Production traces become datasets at the click of a button, so evals can truly represent how users are interacting with your AI systems. Teams push those datasets into experiments, choose between default and custom scorers to define quality, and iterate from there. Evals run automatically in CI/CD, catching regressions before production.
Reducing friction at every step of evaluation means teams spend less time maintaining and more time creating meaningful improvement.
We heard our customers loud and clear: they want the magic of the Braintrust UI brought directly to their coding agents. That's why we're introducing the Braintrust CLI.
Historically, you could run experiments via the SDK or the UI. Now you can do all of that from the terminal.
The CLI is designed to be agent-first. It's built for real agent workflows, not one-off scripts. And it's comprehensive: it lets you do essentially everything you can do in the UI, including prompts, scorers, tools, datasets, experiments, logs, and SQL. Read the docs to get started.
Observability tells you what happened. Evals tell you whether it's getting better. But connecting the two reliably, repeatedly, and at scale is still manual. That's why Braintrust is building proactive insights and optimizations into our platform to both discover issues and implement fixes automatically.
When you're looking at thousands of traces, insights and errors are buried deep inside. Surfacing them used to require teams of people manually reading logs.
Topics, available in beta today, summarizes each trace into a simple statement, then clusters them into categories: recurring issues, common tasks, shifts in sentiment. Not a sea of logs that are sparsely reviewed or annotated.
Because Topics is built directly into Braintrust, those patterns are not static reports. They become inputs to your evals, new datasets, and new quality gates. Topics runs automatically on new logs as they come in, so your classifications stay current. And uncategorized traces can be just as insightful, helping you proactively discover new use cases in real time.
Topics uses embeddings for clustering, cheap models for summarization, and Brainstore as a vector database. Read the blog post for details on how it works, or check out the docs to get started.

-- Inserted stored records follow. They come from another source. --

(* Let $P\ge1$ be an integer and let $r\in\mathbb{F}_q[t]$ be monic with $\rho=\deg(r)\le P$. Then $$I_r=\begin{cases}\dfrac{|r|^nq^{n+1}}{q^{2P}}\displaystyle\sum_{k=0}^{P-\rho-1}q^{nk}\,S_{t^{P-\rho-k-1}}(f)&\text{if }\rho\le P-1,\\[2mm] q^{P(n-2)}&\text{if }\rho=P.\end{cases}$$
   Context: $q$ is a power of an odd prime $p$, $n\ge1$, and $f=a_1x_1^2+\dots+a_nx_n^2$ with $a_1,\dots,a_n\in\mathbb{F}_q^\times$. $K_\infty=\mathbb{F}_q((1/t))$ is the field of Laurent series $\alpha=\sum_{i\le M}c_it^i$ ($c_i\in\mathbb{F}_q$); $\mathrm{ord}(\alpha)$ is the largest $i$ with $c_i\ne0$, $|\alpha|=q^{\mathrm{ord}(\alpha)}$, $|0|=0$, and for vectors $|\boldsymbol\alpha|=\max_i|\alpha_i|$. $\mathbb{T}=\{\alpha\in K_\infty:|\alpha|<1\}$, and $d\theta$ is the Haar measure on $K_\infty$ normalised so that $\mathbb{T}$ has measure $1$. The character $\psi:K_\infty\to\mathbb{C}^\times$ is $\psi(\sum_{i\le M}c_it^i)=\exp(2\pi i\,\mathrm{Tr}_{\mathbb{F}_q/\mathbb{F}_p}(c_{-1})/p)$. For $\alpha\in K_\infty$, $S(\alpha)=\sum_{\mathbf{x}\in\mathbb{F}_q[t]^n,\,|\mathbf{x}|<q^P}\psi(\alpha f(\mathbf{x}))$, and $I_r=\int_{\{\theta\in\mathbb{T}:|\theta|<1/(|r|q^P)\}}S(\theta)\,d\theta$. For $a,r\in\mathbb{F}_q[t]$, $r\ne0$, $S_{a,r}(f)=\sum_{\mathbf{b}\in\mathbb{F}_q[t]^n,\,|\mathbf{b}|<|r|}\psi(af(\mathbf{b})/r)$, and for monic $r$, $S_r(f)=\sum_{a\in\mathbb{F}_q[t],\,|a|<|r|,\,\gcd(a,r)=1}S_{a,r}(f)$ (so $S_1(f)=1$). *)

theory Defs
  imports "HOL-Probability.Probability" "HOL-Computational_Algebra.Computational_Algebra"
begin

text \<open>The completion K_infinity = F_q((1/t)) is modelled by formal Laurent series 'a fls in the
 variable X = 1/t: the coefficient of t^i of alpha is  fls_nth alpha (-i).\<close>

definition qq :: "'a::{finite,field} itself \<Rightarrow> real" where
  "qq _ = real CARD('a)"

definition fdeg :: "'a::{finite,field} itself \<Rightarrow> nat" where
  "fdeg _ = (THE e. CHAR('a) ^ e = CARD('a))"

definition ftrace :: "'a::{finite,field} \<Rightarrow> 'a" where
  "ftrace c = (\<Sum>i<fdeg TYPE('a). c ^ (CHAR('a) ^ i))"

text \<open>The trace as an integer in 0..p-1 (the trace lies in the prime field).\<close>
definition ftrace_nat :: "'a::{finite,field} \<Rightarrow> nat" where
  "ftrace_nat c = (THE k. k < CHAR('a) \<and> of_nat k = ftrace c)"
(* Let $n\ge 1$, let $\mathbf S=\{(\mathbf q_1,v_1),\ldots,(\mathbf q_m,v_m)\}$ be a finite multiset of queries and let $\mathbf Q=(\mathbf q,v)$ be a query, where $\mathbf q,\mathbf q_j\in\mathbb R^n$ and $v,v_j\in[0,\infty)$. The following are equivalent: (1) $\mathbf Q$ is linearly answerable from $\mathbf S$; (2) $\mathbf S\rightarrow\mathbf Q$; (3) there exist $c_1,\ldots,c_m\in\mathbb R$ such that $c_1\mathbf q_1+\cdots+c_m\mathbf q_m=\mathbf q$ and $c_1^2v_1+\cdots+c_m^2v_m\le v$.
   Context: A database is a vector $\mathbf x\in\mathbb R^n$. A linear query is a vector $\mathbf q\in\mathbb R^n$, with exact answer $\mathbf q(\mathbf x)=\mathbf q\cdot\mathbf x=\sum_i q_ix_i$. A query is a pair $\mathbf Q=(\mathbf q,v)$ with $\mathbf q$ a linear query and $v\ge 0$ a variance bound. A mechanism $\mathcal K$ assigns to each database $\mathbf x$ a real random variable $\mathcal K(\mathbf x)$; it answers $\mathbf Q=(\mathbf q,v)$ if for every database $\mathbf x$, $\mathbb E[\mathcal K(\mathbf x)]=\mathbf q(\mathbf x)$ and $\mathrm{Var}[\mathcal K(\mathbf x)]\le v$. Distinct queries are answered with independent randomness. $\mathbf Q$ is answerable from the multiset $\{\mathbf Q_1,\ldots,\mathbf Q_k\}$ if there is a function $f:\mathbb R^k\to\mathbb R$ such that for all mechanisms $\mathcal K_1,\ldots,\mathcal K_k$ answering $\mathbf Q_1,\ldots,\mathbf Q_k$ respectively (with $\mathcal K_1(\mathbf x),\ldots,\mathcal K_k(\mathbf x)$ mutually independent), the mechanism $\mathbf x\mapsto f(\mathcal K_1(\mathbf x),\ldots,\mathcal K_k(\mathbf x))$ answers $\mathbf Q$; it is linearly answerable if such an $f$ can be chosen linear. The determinacy relation $\mathbf S\rightarrow\mathbf Q$ between finite multisets of queries and queries is the smallest relation satisfying: (Summation) for every $k\ge 0$, $\{(\mathbf q_1,v_1),\ldots,(\mathbf q_k,v_k)\}\rightarrow(\mathbf q_1+\cdots+\mathbf q_k,\,v_1+\cdots+v_k)$; (Scalar multiplication) for every $c\in\mathbb R$, $\{(\mathbf q,v)\}\rightarrow(c\mathbf q,c^2v)$; (Relaxation) $\{(\mathbf q,v)\}\rightarrow(\mathbf q,v')$ whenever $v\le v'$; (Transitivity) if $\mathbf S_1\rightarrow\mathbf Q_1,\ldots,\mathbf S_k\rightarrow\mathbf Q_k$ and $\{\mathbf Q_1,\ldots,\mathbf Q_k\}\rightarrow\mathbf Q$, then the multiset union $\mathbf S_1\uplus\cdots\uplus\mathbf S_k\rightarrow\mathbf Q$. *)

theory Defs
  imports "HOL-Probability.Probability" "HOL-Library.Multiset"
begin

type_synonym ('n) query = "(real ^ 'n) \<times> real"

text \<open>A mechanism is represented by the distribution of its output:
  to each database x it assigns a probability distribution on the reals (a Borel
  probability measure).  Independence of several mechanisms is modelled by taking
  the product measure of their output distributions.\<close>

definition answers :: "(real ^ 'n \<Rightarrow> real measure) \<Rightarrow> ('n::finite) query \<Rightarrow> bool" where
  "answers K Q \<longleftrightarrow> (\<forall>x. prob_space (K x) \<and> sets (K x) = sets borel \<and>
      integrable (K x) (\<lambda>t. t) \<and> integrable (K x) (\<lambda>t. t ^ 2) \<and>
      (\<integral>t. t \<partial>K x) = fst Q \<bullet> x \<and>
      (\<integral>t. (t - fst Q \<bullet> x) ^ 2 \<partial>K x) \<le> snd Q)"

definition lin_answerable :: "('n::finite) query list \<Rightarrow> ('n::finite) query \<Rightarrow> bool" where
  "lin_answerable S Q \<longleftrightarrow> (\<exists>c :: nat \<Rightarrow> real.
     \<forall>K :: nat \<Rightarrow> real ^ 'n \<Rightarrow> real measure.
       (\<forall>i < length S. answers (K i) (S ! i)) \<longrightarrow>
       answers (\<lambda>x. distr (PiM {..<length S} (\<lambda>i. K i x)) borel
                          (\<lambda>\<omega>. \<Sum>i<length S. c i * \<omega> i)) Q)"

inductive determ :: "('n::finite) query multiset \<Rightarrow> ('n::finite) query \<Rightarrow> bool" where
  summation: "(\<forall>p \<in> set qs. snd p \<ge> 0) \<Longrightarrow>
     determ (mset qs) (sum_list (map fst qs), sum_list (map snd qs))"
| scalar: "v \<ge> 0 \<Longrightarrow> determ {#(q, v)#} (c *\<^sub>R q, c ^ 2 * v)"
| relax: "0 \<le> v \<Longrightarrow> v \<le> v' \<Longrightarrow> determ {#(q, v)#} (q, v')"
| trans: "length Ss = length Qs \<Longrightarrow> (\<forall>i < length Ss. determ (Ss ! i) (Qs ! i)) \<Longrightarrow>
     determ (mset Qs) Q \<Longrightarrow> determ (sum_list Ss) Q"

Once you have Topics surfacing patterns, Loop is how you act on them. Feed a topic into Loop and ask it to iterate on the prompt, test new models, or optimize around a specific failure mode. Instead of manually triaging and rewriting prompts, you're improving against real production patterns.

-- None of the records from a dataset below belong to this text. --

lemma matched_loss_le_gap:
  assumes sorted: "sorted_wrt (\<lambda>x y. wbar x \<ge> wbar y) astar"
    and len: "length astar = K"
    and opt_fixed: "\<And>j. j \<in> {1..K} \<Longrightarrow> At ! (i - 1) = astar ! (j - 1) \<Longrightarrow> \<pi> i = j"
    and pi_i: "\<pi> i \<in> {1..K}"
  shows "wbar (astar ! (\<pi> i - 1)) - wbar (At ! (i - 1))
       \<le> (if At ! (i - 1) \<notin> set astar \<and> \<pi> i \<le> Kgap wbar astar (At ! (i - 1))
           then gap wbar astar (At ! (i - 1)) (\<pi> i) else 0)"
proof (cases "At ! (i - 1) \<in> set astar")
  case True
  then obtain j where "j < K" "astar ! j = At ! (i - 1)"
    using len by (auto simp: in_set_conv_nth)
  then have "\<pi> i = Suc j" using opt_fixed[of "Suc j"] by auto
  then show ?thesis using \<open>astar ! j = At ! (i - 1)\<close> True by simp
next
  case False
  have "\<not> \<pi> i \<le> Kgap wbar astar (At ! (i - 1)) \<Longrightarrow> gap wbar astar (At ! (i - 1)) (\<pi> i) \<le> 0"
    using gap_pos_imp_le_Kgap[OF sorted, of "\<pi> i" "At ! (i - 1)"] pi_i len by (metis not_less)
  then show ?thesis using False by (auto simp: gap_def)
qed

lemma matched_regret_le_gaps:
  assumes finE: "finite E" and At_sub: "set At \<subseteq> E"
    and At_dist: "distinct At" and At_len: "length At = K"
    and astar_dist: "distinct astar" and astar_len: "length astar = K"
    and sorted: "sorted_wrt (\<lambda>x y. wbar x \<ge> wbar y) astar"
    and pi_bij: "bij_betw \<pi> {1..K} {1..K}"
    and pi_fix: "\<And>k i. k \<in> {1..K} \<Longrightarrow> i \<in> {1..K} \<Longrightarrow> At ! (k - 1) = astar ! (i - 1) \<Longrightarrow> \<pi> k = i"
  shows "fw (set astar) wbar - fw (set At) wbar
       \<le> (\<Sum>e\<in>E - set astar. \<Sum>k=1..Kgap wbar astar e.
             gap wbar astar e k * (if ind_ek At \<pi> e k then 1 else 0))"
proof -
  have pi_in: "\<pi> i \<in> {1..K}" if "i \<in> {1..K}" for i using pi_bij that bij_betwE by blast
  then have pi_pos: "\<forall>i\<in>{1..length At}. 1 \<le> \<pi> i" using At_len by force
  define I where "I = {i\<in>{1..length At}. At ! (i - 1) \<in> E - set astar
                         \<and> \<pi> i \<le> Kgap wbar astar (At ! (i - 1))}"
  have I_sub: "I \<subseteq> {1..K}" unfolding I_def At_len by blast
  have "fw (set astar) wbar - fw (set At) wbar
      = (\<Sum>i=1..K. wbar (astar ! (\<pi> i - 1)) - wbar (At ! (i - 1)))"
    using sum_positions[OF astar_dist, of wbar] sum_positions[OF At_dist, of wbar]
      sum.reindex_bij_betw[OF pi_bij, of "\<lambda>k. wbar (astar ! (k - 1))"]
    by (simp add: fw_def astar_len At_len sum_subtractf)
  also have "\<dots> \<le> (\<Sum>i=1..K. if i \<in> I then gap wbar astar (At ! (i - 1)) (\<pi> i) else 0)"
  proof (rule sum_mono)
    fix i assume i: "i \<in> {1..K}"
    have "i \<in> I \<longleftrightarrow> At ! (i - 1) \<notin> set astar \<and> \<pi> i \<le> Kgap wbar astar (At ! (i - 1))"
      using i At_sub At_len by (auto simp: I_def)
    then show "wbar (astar ! (\<pi> i - 1)) - wbar (At ! (i - 1))
        \<le> (if i \<in> I then gap wbar astar (At ! (i - 1)) (\<pi> i) else 0)"
      using matched_loss_le_gap[of wbar astar K At i \<pi>, OF sorted astar_len pi_fix[OF i] pi_in[OF i]]
      by simp
  qed
  also have "\<dots> = (\<Sum>i\<in>I. gap wbar astar (At ! (i - 1)) (\<pi> i))"
    using sum.inter_restrict[OF finite_atLeastAtMost,
        of "\<lambda>i. gap wbar astar (At ! (i - 1)) (\<pi> i)" 1 K I, unfolded Int_absorb1[OF I_sub]]
    by (rule sym)
  also have "\<dots> = (\<Sum>e\<in>E - set astar. \<Sum>k=1..Kgap wbar astar e.
                 gap wbar astar e k * (if ind_ek At \<pi> e k then 1 else 0))"
    using sum_ind_ek_positions[where X = "E - set astar" and g = "gap wbar astar"
        and n = "Kgap wbar astar", OF At_dist pi_pos finite_Diff[OF finE], folded I_def]
    by (rule sym)
  finally show ?thesis .
qed

section \<open>Expected weight of a set\<close>

lemma integral_fw:
  assumes "prob_space P" and sets: "sets P = sets (Pi\<^sub>M E (\<lambda>_. borel))"
    and bounded: "AE w in P. \<forall>e\<in>E. 0 \<le> w e \<and> w e \<le> (1::real)"
    and "A \<subseteq> E" "finite A"
  shows "integrable P (fw A)" and "(\<integral>w. fw A w \<partial>P) = fw A (\<lambda>e. \<integral>w. w e \<partial>P)"
proof -
  interpret prob_space P by fact
  have coord: "integrable P (\<lambda>w. w e)" if "e \<in> A" for e
  proof (rule integrable_const_bound[where B = 1])
    show "AE w in P. norm (w e) \<le> 1"
      using bounded by eventually_elim (use that \<open>A \<subseteq> E\<close> in auto)
    have "(\<lambda>w. w e) \<in> measurable (Pi\<^sub>M E (\<lambda>_. borel)) borel"
      using measurable_component_singleton[of e E "\<lambda>_. borel"] that \<open>A \<subseteq> E\<close> by auto
    then show "(\<lambda>w. w e) \<in> borel_measurable P"
      using measurable_cong_sets[OF sets refl] by blast
  qed
  show "integrable P (fw A)"
    unfolding fw_def using coord by (simp add: fun_eq_iff[symmetric])
  show "(\<integral>w. fw A w \<partial>P) = fw A (\<lambda>e. \<integral>w. w e \<partial>P)"
    unfolding fw_def using coord by simp
qed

Over the last year, we've heard the same thing from many of you: there's plenty of data but no clear path from "this looks wrong" to "this is what we should change." Loop connects observability and evals into a single workflow, using production data as the starting point and preserving context as you investigate issues and make changes.

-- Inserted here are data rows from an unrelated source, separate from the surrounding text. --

lemma syndrome_update_local:
  assumes v: "v \<in> verts k"
    and agree: "S \<inter> set (vertex_window k i v) = S' \<inter> set (vertex_window k i v)"
  shows "v \<in> symd S (sigma k (reduce k i S)) \<longleftrightarrow> v \<in> symd S' (sigma k (reduce k i S'))"
proof -
  have "v \<in> S \<longleftrightarrow> v \<in> S'"
    using agree by (auto simp: vertex_window_def)
  moreover have "ed \<in> reduce k i S \<longleftrightarrow> ed \<in> reduce k i S'"
    if "ed \<in> set (incident_edges k v)" for ed
  proof (rule reduce_local)
    have "window k i (edge_anchor k i ed) 6 \<subseteq> set (vertex_window k i v)"
      using that by (auto simp: vertex_window_def edge_window_def set_window_list)
    then show "S \<inter> window k i (edge_anchor k i ed) 6 =
        S' \<inter> window k i (edge_anchor k i ed) 6"
      by (rule Int_eq_subset[OF agree])
  qed
  then have "{ed \<in> reduce k i S. v \<in> ends k ed} = {ed \<in> reduce k i S'. v \<in> ends k ed}"
    using reduce_subset_edges ends_imp_in_incident_edges by blast
  then have "v \<in> sigma k (reduce k i S) \<longleftrightarrow> v \<in> sigma k (reduce k i S')"
    by (simp add: sigma_def)
  ultimately show ?thesis
    by simp
qed

section \<open>The decoder as a synchronous bounded fan-in circuit\<close>

lemma decode_from_Suc:
  "decode_from k (Suc j) S =
     symd (reduce k (Suc j) S) (decode_from k j (symd S (sigma k (reduce k (Suc j) S))))"
proof (cases "S = {}")
  case True
  have "decode_from k j {} = {}"
    by (cases j) auto
  moreover have "sigma k {} = {}"
    by (simp add: sigma_def)
  ultimately show ?thesis
    using True by (simp add: reduce_empty symd_def)
qed (simp add: Let_def)

lemma decode_from_subset_edges: "decode_from k j S \<subseteq> edges k"
proof (induction j arbitrary: S)
  case (Suc j)
  then show ?case
    unfolding decode_from_Suc by (intro symd_subset reduce_subset_edges)
qed simp

definition vertex_reg :: "vtx \<Rightarrow> nat" where
  "vertex_reg v = to_nat (Inl v :: vtx + edge)"

definition edge_reg :: "edge \<Rightarrow> nat" where
  "edge_reg ed = to_nat (Inr ed :: vtx + edge)"

lemma inj_vertex_reg: "inj vertex_reg"
  by (auto simp: inj_def vertex_reg_def)

lemma inj_edge_reg: "inj edge_reg"
  by (auto simp: inj_def edge_reg_def)

lemma vertex_reg_neq_edge_reg: "vertex_reg v \<noteq> edge_reg ed"
  by (simp add: vertex_reg_def edge_reg_def)

definition set_of_bits :: "'a list \<Rightarrow> bool list \<Rightarrow> 'a set" where
  "set_of_bits L bs = {L ! j | j. j < length L \<and> bs ! j}"

lemma set_of_bits_map: "set_of_bits L (map P L) = {u \<in> set L. P u}"
  by (auto simp: set_of_bits_def in_set_conv_nth)

definition vertex_gate :: "nat \<Rightarrow> nat \<Rightarrow> vtx \<Rightarrow> bop" where
  "vertex_gate k i v =
     (vertex_reg v,
      \<lambda>bs. let S = set_of_bits (vertex_window k i v) bs in v \<in> symd S (sigma k (reduce k i S)),
      map vertex_reg (vertex_window k i v))"

definition edge_gate :: "nat \<Rightarrow> nat \<Rightarrow> edge \<Rightarrow> bop" where
  "edge_gate k i ed =
     (edge_reg ed,
      \<lambda>bs. hd bs \<noteq> (ed \<in> reduce k i (set_of_bits (edge_window k i ed) (tl bs))),
      edge_reg ed # map vertex_reg (edge_window k i ed))"

definition vertex_list :: "nat \<Rightarrow> vtx list" where
  "vertex_list k = List.product [0..<side k] [0..<side k]"

definition edge_list :: "nat \<Rightarrow> edge list" where
  "edge_list k = List.product (vertex_list k) [True, False]"

lemma set_vertex_list: "set (vertex_list k) = verts k"
  by (auto simp: vertex_list_def verts_def)

lemma set_edge_list: "set (edge_list k) = edges k"
  by (auto simp: edge_list_def edges_def set_vertex_list)

definition level_round :: "nat \<Rightarrow> nat \<Rightarrow> bround" where
  "level_round k i = map (vertex_gate k i) (vertex_list k) @ map (edge_gate k i) (edge_list k)"

definition decoder_prog :: "nat \<Rightarrow> bprog" where
  "decoder_prog k = map (level_round k) (rev [1..<Suc k])"

lemma exec_round_target:
  assumes "distinct (map fst R)" "(t, f, src) \<in> set R"
  shows "exec_round R s t = f (map s src)"
proof -
  have "find (\<lambda>q. fst q = t) R = Some (t, f, src)"
    using assms by (induction R) (auto simp: rev_image_eqI)
  then show ?thesis
    by (simp add: exec_round_def)
qed

lemma distinct_targets_level_round: "distinct (map fst (level_round k i))"
proof -
  have "map fst (level_round k i) = map vertex_reg (vertex_list k) @ map edge_reg (edge_list k)"
    by (simp add: level_round_def vertex_gate_def edge_gate_def o_def)
  moreover have "distinct (vertex_list k)" "distinct (edge_list k)"
    by (simp_all add: vertex_list_def edge_list_def distinct_product)
  ultimately show ?thesis
    using inj_vertex_reg inj_edge_reg vertex_reg_neq_edge_reg
    by (auto simp: distinct_map intro: inj_on_subset[OF _ subset_UNIV])
qed

definition encodes :: "nat \<Rightarrow> (nat \<Rightarrow> bool) \<Rightarrow> vtx set \<Rightarrow> edge set \<Rightarrow> bool" where
  "encodes k s S A \<longleftrightarrow>
     (\<forall>v\<in>verts k. s (vertex_reg v) \<longleftrightarrow> v \<in> S) \<and> (\<forall>ed\<in>edges k. s (edge_reg ed) \<longleftrightarrow> ed \<in> A)"

lemma set_of_bits_read:
  assumes "encodes k s S A" "set L \<subseteq> verts k"
  shows "set_of_bits L (map (s \<circ> vertex_reg) L) = S \<inter> set L"
  using assms set_of_bits_map[of L "s \<circ> vertex_reg"] by (auto simp: encodes_def)

lemma exec_level_round:
  assumes enc: "encodes k s S A"
  shows "encodes k (exec_round (level_round k i) s)
           (symd S (sigma k (reduce k i S))) (symd A (reduce k i S))"
  unfolding encodes_def
proof (intro conjI ballI)
  fix v
  assume v: "v \<in> verts k"
  have "set (vertex_window k i v) \<subseteq> verts k"
    using v by (auto simp: vertex_window_def dest!: set_edge_window_subset_verts[THEN subsetD])
  note read = set_of_bits_read[OF enc this]
  have "vertex_gate k i v \<in> set (level_round k i)"
    using v by (simp add: level_round_def set_vertex_list)
  then have "exec_round (level_round k i) s (vertex_reg v) \<longleftrightarrow>
      v \<in> symd (S \<inter> set (vertex_window k i v))
              (sigma k (reduce k i (S \<inter> set (vertex_window k i v))))"
    using exec_round_target[OF distinct_targets_level_round]
    by (simp add: vertex_gate_def read Let_def)
  also have "\<dots> \<longleftrightarrow> v \<in> symd S (sigma k (reduce k i S))"
    using syndrome_update_local[OF v] by (metis Int_assoc Int_absorb)
  finally show "exec_round (level_round k i) s (vertex_reg v) \<longleftrightarrow>
      v \<in> symd S (sigma k (reduce k i S))" .
next
  fix ed
  assume ed: "ed \<in> edges k"
  note read = set_of_bits_read[OF enc set_edge_window_subset_verts]
  have "edge_gate k i ed \<in> set (level_round k i)"
    using ed by (simp add: level_round_def set_edge_list)
  then have "exec_round (level_round k i) s (edge_reg ed)
      \<longleftrightarrow> s (edge_reg ed) \<noteq> (ed \<in> reduce k i (S \<inter> set (edge_window k i ed)))"
    using exec_round_target[OF distinct_targets_level_round] by (simp add: edge_gate_def read)
  also have "\<dots> \<longleftrightarrow> ed \<in> symd A (reduce k i S)"
    using enc ed reduce_local[of "S \<inter> set (edge_window k i ed)" k i ed S]
    by (simp add: encodes_def edge_window_def set_window_list Int_assoc)
  finally show "exec_round (level_round k i) s (edge_reg ed) \<longleftrightarrow> ed \<in> symd A (reduce k i S)" .
qed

Together, Topics and Loop help teams:
Humans stay responsible for defining what "good" means and for making the final call on changes. Loop handles the manual work of keeping datasets current, running evals as behavior changes, and surfacing where quality is drifting.
We initially built an AI proxy to power playgrounds and route requests across providers without hand-writing model-specific code. Along the way, we realized customers had the same problem in production, where governance is critical: a single key, rate limits, cost controls, and consistent observability across models.
The Braintrust Gateway, also launching in beta, standardizes access and observability across models and providers, and all of your gateway requests will automatically be traced in Braintrust. If you're using an existing gateway like Cloudflare or Vercel, your setup doesn't change. More enterprise features like deeper cost controls and rate limiting are coming next. Read the docs to learn more.
Everybody has access to the same models the moment they come out. What matters is how fast you can iterate: see what your system did, measure it, improve it, validate it again, and increasingly, automate the parts that don't require human judgment.
That's what Braintrust is building. That's what will help you ship quality AI products.